Banta concludes her op-ed piece by saying that “standardized tests of generic intellectual skills which she defines as ‘writing, critical thinking, etc.’ do not provide valid evidence of institutional differences in the quality of education provided to students. Moreover, we see no virtue in attempting to compare institutions, since by design, they are pursuing diverse missions and thus attracting students with different interests, abilities, levels of motivation, and career aspirations.”
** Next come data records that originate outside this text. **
lemma zeta_eq_weighted_sum_squares:
  assumes "finite V" "\<forall>v\<in>V. 0 \<le> \<eta> v" and k: "(\<Sum>v\<in>ancestors V E w. k v) = 1"
    and r: "\<forall>v\<in>ancestors V E w. \<eta> v * k v = r"
  shows "zeta V E \<eta> w = (\<Sum>v\<in>ancestors V E w. \<eta> v * (k v)\<^sup>2)"
proof -
  let ?A = "ancestors V E w"
  have sum_r: "(\<Sum>v\<in>?A. \<eta> v * (k v)\<^sup>2) = r"
    by (rule weighted_sum_squares_eq_if_balanced[OF k r])
  show ?thesis
  proof (cases "\<exists>v\<in>?A. \<eta> v = 0")
    case True
    then have "r = 0" using r by force
    with True show ?thesis by (simp add: zeta_def sum_r)
  next
    case False
    then have "(\<Sum>v\<in>?A. k v) = (\<Sum>v\<in>?A. r * (1 / \<eta> v))"
      using r by (intro sum.cong refl) (simp add: eq_divide_eq mult.commute)
    then have "r * (\<Sum>v\<in>?A. 1 / \<eta> v) = 1" by (simp add: k sum_distrib_left)
    then have "1 / (\<Sum>v\<in>?A. 1 / \<eta> v) = r" by (metis divide_eq_eq mult.commute zero_neq_one mult_zero_right)
    with False show ?thesis by (simp add: zeta_def sum_r)
  qed
qed

lemma dual_value_le_lagrangian:
  assumes "finite V" "\<forall>v\<in>V. 0 < d v" "\<forall>w\<in>V. 0 \<le> c w"
    and \<kappa>: "\<kappa> \<in> Lset V E" and \<eta>: "\<eta> \<in> Hset V d"
  shows "dual_value V E c \<eta> \<le> lagrangian V E d c \<kappa> \<eta>"
  unfolding lagrangian_eq_sum_ancestors[OF assms(1,2)] dual_value_def
proof (intro sum_mono)
  fix w assume w: "w \<in> V"
  have "zeta V E \<eta> w \<le> (\<Sum>v\<in>ancestors V E w. \<eta> v * (\<kappa> v w)\<^sup>2)"
    using zeta_le_weighted_sum_squares[OF assms(1), where k="\<lambda>v. \<kappa> v w" and \<eta>=\<eta> and E=E and w=w] \<kappa> \<eta> w
    by (auto simp: Lset_def Hset_def)
  then show "zeta V E \<eta> w * c w \<le> c w * (\<Sum>v\<in>ancestors V E w. \<eta> v * (\<kappa> v w)\<^sup>2)"
    using assms(3) w by (simp add: mult.commute mult_left_mono)
qed

lemma lagrangian_le_Max:
  assumes "finite V" "V \<noteq> {}" "\<forall>w\<in>V. 0 \<le> c w" and \<eta>: "\<eta> \<in> Hset V d"
  shows "lagrangian V E d c \<kappa> \<eta> \<le> Max (vertex_cost V E d c \<kappa> ` V)"
proof -
  let ?M = "Max (vertex_cost V E d c \<kappa> ` V)"
  have le_M: "vertex_cost V E d c \<kappa> v \<le> ?M" if "v \<in> V" for v
    using assms(1) that by (intro Max_ge) auto
  obtain v where "v \<in> V" using assms(2) by blast
  then have M0: "0 \<le> ?M" using le_M vertex_cost_nonneg[OF assms(3)] order_trans by blast
  have "lagrangian V E d c \<kappa> \<eta> \<le> (\<Sum>v\<in>V. \<eta> v * (d v)\<^sup>2 * ?M)"
    unfolding lagrangian_def using \<eta> le_M by (intro sum_mono mult_left_mono) (auto simp: Hset_def)
  also have "\<dots> = ?M * (\<Sum>v\<in>V. (d v)\<^sup>2 * \<eta> v)"
    by (simp add: sum_distrib_left mult_ac)
  also have "\<dots> \<le> ?M" using \<eta> M0 mult_left_le by (auto simp: Hset_def)
  finally show ?thesis .
qed

lemma exists_balanced_column:
  fixes \<eta> :: "'a \<Rightarrow> real"
  assumes "finite A" "A \<noteq> {}" "\<forall>v\<in>A. 0 \<le> \<eta> v"
  shows "\<exists>k. (\<Sum>v\<in>A. k v) = 1 \<and> (\<exists>r. \<forall>v\<in>A. \<eta> v * k v = r)"
proof (cases "\<exists>z\<in>A. \<eta> z = 0")
  case True
  then obtain z where z: "z \<in> A" "\<eta> z = 0" by blast
  show ?thesis
    by (intro exI[of _ "\<lambda>v. if v = z then 1 else 0"] conjI exI[of _ 0]) (use assms(1) z in simp_all)
next
  case False
  have pos: "0 < \<eta> v" if "v \<in> A" for v
    using assms(3) False that by (simp add: less_le)
  define S where "S = (\<Sum>v\<in>A. 1 / \<eta> v)"
  have "0 < S" unfolding S_def using assms(1,2) pos by (intro sum_pos) auto
  have "(\<Sum>v\<in>A. 1 / S * (1 / \<eta> v)) = 1 / S * S"
    unfolding S_def by (rule sum_distrib_left[symmetric])
  then show ?thesis
    by (intro exI[of _ "\<lambda>v. 1 / S * (1 / \<eta> v)"] conjI exI[of _ "1 / S"])
      (use \<open>0 < S\<close> pos in fastforce)+
qed

text \<open>Together with \<open>dual_value_le_lagrangian\<close>: for fixed \<open>\<eta>\<close> the dual value is the minimum of the
  Lagrangian over \<open>L\<close>, attained column by column at balanced columns.\<close>
lemma exists_lagrangian_eq_dual_value:
  assumes fin: "finite V" and "\<forall>v\<in>V. 0 < d v" and \<eta>: "\<eta> \<in> Hset V d"
  shows "\<exists>\<kappa>\<in>Lset V E. lagrangian V E d c \<kappa> \<eta> = dual_value V E c \<eta>"
proof -
  have \<eta>0: "\<forall>v\<in>V. 0 \<le> \<eta> v" using \<eta> by (simp add: Hset_def)
  have "\<forall>w\<in>V. \<exists>k. (\<Sum>v\<in>ancestors V E w. k v) = 1 \<and> (\<exists>r. \<forall>v\<in>ancestors V E w. \<eta> v * k v = r)"
  proof
    fix w assume w: "w \<in> V"
    show "\<exists>k. (\<Sum>v\<in>ancestors V E w. k v) = 1 \<and> (\<exists>r. \<forall>v\<in>ancestors V E w. \<eta> v * k v = r)"
      using self_mem_ancestors[OF w] ancestors_subset[of V E w] \<eta>0
      by (intro exists_balanced_column finite_ancestors[OF fin]) auto
  qed
  from bchoice[OF this] obtain k where k: "\<forall>w\<in>V. (\<Sum>v\<in>ancestors V E w. k w v) = 1 \<and>
      (\<exists>r. \<forall>v\<in>ancestors V E w. \<eta> v * k w v = r)" ..
  define \<kappa> where "\<kappa> v w = (if v \<in> V \<and> w \<in> V then k w v else 0)" for v w
  have col: "(\<Sum>v\<in>ancestors V E w. \<kappa> v w) = 1" if "w \<in> V" for w
  proof -
    have "(\<Sum>v\<in>ancestors V E w. \<kappa> v w) = (\<Sum>v\<in>ancestors V E w. k w v)"
      using that ancestors_subset[of V E w] by (intro sum.cong refl) (auto simp: \<kappa>_def)
    then show ?thesis using k that by simp
  qed
  have "zeta V E \<eta> w = (\<Sum>v\<in>ancestors V E w. \<eta> v * (\<kappa> v w)\<^sup>2)" if w: "w \<in> V" for w
  proof -
    obtain r where r: "\<forall>v\<in>ancestors V E w. \<eta> v * k w v = r" using k w by blast
    have "\<forall>v\<in>ancestors V E w. \<eta> v * \<kappa> v w = r"
      using r ancestors_subset[of V E w] w by (auto simp: \<kappa>_def)
    then show ?thesis by (rule zeta_eq_weighted_sum_squares[OF fin \<eta>0 col[OF w]])
  qed
  then have "lagrangian V E d c \<kappa> \<eta> = dual_value V E c \<eta>"
    unfolding lagrangian_eq_sum_ancestors[OF fin assms(2)] dual_value_def by (simp add: mult.commute)
  moreover have "\<kappa> \<in> Lset V E" using col by (auto simp: Lset_def \<kappa>_def)
  ultimately show ?thesis by blast
qed

lemma dual_value_eq_lagrangian_if_balanced:
  assumes fin: "finite V" and "\<forall>v\<in>V. 0 < d v" and \<kappa>: "\<kappa> \<in> Lset V E"
    and \<eta>0: "\<forall>v\<in>V. 0 \<le> \<eta> v"
    and balanced: "\<And>w. w \<in> V \<Longrightarrow> c w \<noteq> 0 \<Longrightarrow> \<exists>r. \<forall>v\<in>ancestors V E w. \<eta> v * \<kappa> v w = r"
  shows "dual_value V E c \<eta> = lagrangian V E d c \<kappa> \<eta>"
  unfolding lagrangian_eq_sum_ancestors[OF fin assms(2)] dual_value_def
proof (intro sum.cong refl)
  fix w assume w: "w \<in> V"
  show "zeta V E \<eta> w * c w = c w * (\<Sum>v\<in>ancestors V E w. \<eta> v * (\<kappa> v w)\<^sup>2)"
  proof (cases "c w = 0")
    case False
    have "(\<Sum>v\<in>ancestors V E w. \<kappa> v w) = 1" using \<kappa> w by (simp add: Lset_def)
    with balanced[OF w False] show ?thesis
      using zeta_eq_weighted_sum_squares[OF fin \<eta>0] by (metis mult.commute)
  qed simp
qed

lemma finite_bounded_convergent_subseq:
  fixes X :: "nat \<Rightarrow> 'i \<Rightarrow> real"
  assumes "finite I" and "\<And>n i. i \<in> I \<Longrightarrow> \<bar>X n i\<bar> \<le> B"
  shows "\<exists>r. strict_mono r \<and> (\<forall>i\<in>I. convergent (\<lambda>n. X (r n) i))"
  using assms
proof (induction I rule: finite_induct)
  case empty
  show ?case by (intro exI[of _ id]) (simp add: strict_mono_def)
next
  case (insert a I)
  have "\<exists>r. strict_mono r \<and> (\<forall>i\<in>I. convergent (\<lambda>n. X (r n) i))"
    by (rule insert.IH) (use insert.prems in auto)
  then obtain r where r: "strict_mono r" "\<forall>i\<in>I. convergent (\<lambda>n. X (r n) i)" by auto
  obtain s where s: "strict_mono s" "monoseq (\<lambda>n. X (r (s n)) a)"
    using seq_monosub[of "\<lambda>n. X (r n) a"] by (auto simp: o_def)
  have "Bseq (\<lambda>n. X (r (s n)) a)"
    by (rule BseqI'[where K=B]) (simp add: insert.prems)
  then have "convergent (\<lambda>n. X (r (s n)) a)"
    by (rule Bseq_monoseq_convergent[OF _ s(2)])
  moreover have "convergent (\<lambda>n. X (r (s n)) i)" if i: "i \<in> I" for i
  proof -
    obtain l where "(\<lambda>n. X (r n) i) \<longlonglongrightarrow> l" using r(2) i by (auto simp: convergent_def)
    from LIMSEQ_subseq_LIMSEQ[OF this s(1)] show ?thesis by (auto simp: convergent_def o_def)
  qed
  ultimately show ?case
    using strict_mono_o[OF r(1) s(1)] by (intro exI[of _ "r \<circ> s"]) (auto simp: o_def)
qed
(* Let $p=3$, $N\ge1$ and $\mathcal{L}=\{0,1,\ldots,3N-3\}$. Then $H^{\mathsf{MD}}_\mathcal{L}\ge0$ and $H^{\mathsf{MD}}_\mathcal{L}\Psi^{\mathsf{MD}}_N=0$. In particular, $\Psi^{\mathsf{MD}}_N$ is an exact zero-energy ground state of $H^{\mathsf{MD}}_\mathcal{L}$.
   Context: Setting. Fermionic creation and annihilation operators $c_k^*,c_k$ are indexed by lattice sites $k\in\mathbb{Z}$ (orbitals), with $\hat n_k=c_k^*c_k$. Let $\gamma>0$. Monomer-dimer Hamiltonian. For $j\in\mathbb{Z}$ let $$B_j=c_{j+2}c_{j+1}+3e^{-2\gamma^2}c_{j+3}c_j .$$ The formal monomer-dimer Hamiltonian is $$H^{\mathsf{MD}}=\sum_j\Bigl(4e^{-3\gamma^2/2}\hat n_j\hat n_{j+2}+B_j^*B_j\Bigr).$$ Equivalently, it is the sum over $k$ of $$\hat n_k\hat n_{k+1}+4e^{-3\gamma^2/2}\hat n_k\hat n_{k+2}+9e^{-4\gamma^2}\hat n_k\hat n_{k+3}+3e^{-2\gamma^2}\bigl(c^*_{k+1}c^*_{k+2}c_{k+3}c_k+c_k^*c_{k+3}^*c_{k+2}c_{k+1}\bigr).$$ $H^{\mathsf{MD}}_\mathcal{L}$ is defined with free boundary conditions, i.e. keeping only terms all of whose site indices lie in $\mathcal{L}$. Monomer-dimer wave function. For $k\in\mathbb{Z}$ let $$A_{\{k\}}=c_{3k}^*,\qquad A_{\{k,k+1\}}=-3e^{-2\gamma^2}c_{3k+1}^*c_{3k+2}^* .$$ Then $$\Psi_N^{\mathsf{MD}}=\sum_{(X_1,\ldots,X_D)}A_{X_1}\cdots A_{X_D}|\mathrm{vacuum}\rangle,$$ where the sum runs over all partitions of $\{0,1,\ldots,N-1\}$ into monomers $\{k\}$ and dimers $\{k,k+1\}$, labeled from left to right. *)

theory Defs
  imports Complex_Main "HOL-Library.Complex_Order"
begin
Some members of the academy may buy into Banta’s position that no standardized test of any stripe can be used productively to assess important higher education outcomes. However, the legislators who allocate funds to higher education, college administrators, many faculty, college bound students and their parents, the general public, and employers may have a different view. They are likely to conclude that regardless of a student’s academic major, all college graduates, when confronted with the kinds of authentic tasks the CLA program uses, should be able to do the types of things listed in Figure 1. They also are likely to want to know whether the students at a given school are generally making more or less progress in developing these abilities than are other students.
In short, they want some benchmarks to evaluate progress given the abilities of the students coming into an institution. Right now, the CLA is the best (albeit not perfect) source of that information.
Stephen Klein is director of research and Roger Benjamin president of the Council for Aid to Education, and Richard Shavelson is Margaret Jacks Professor of Education at Stanford University.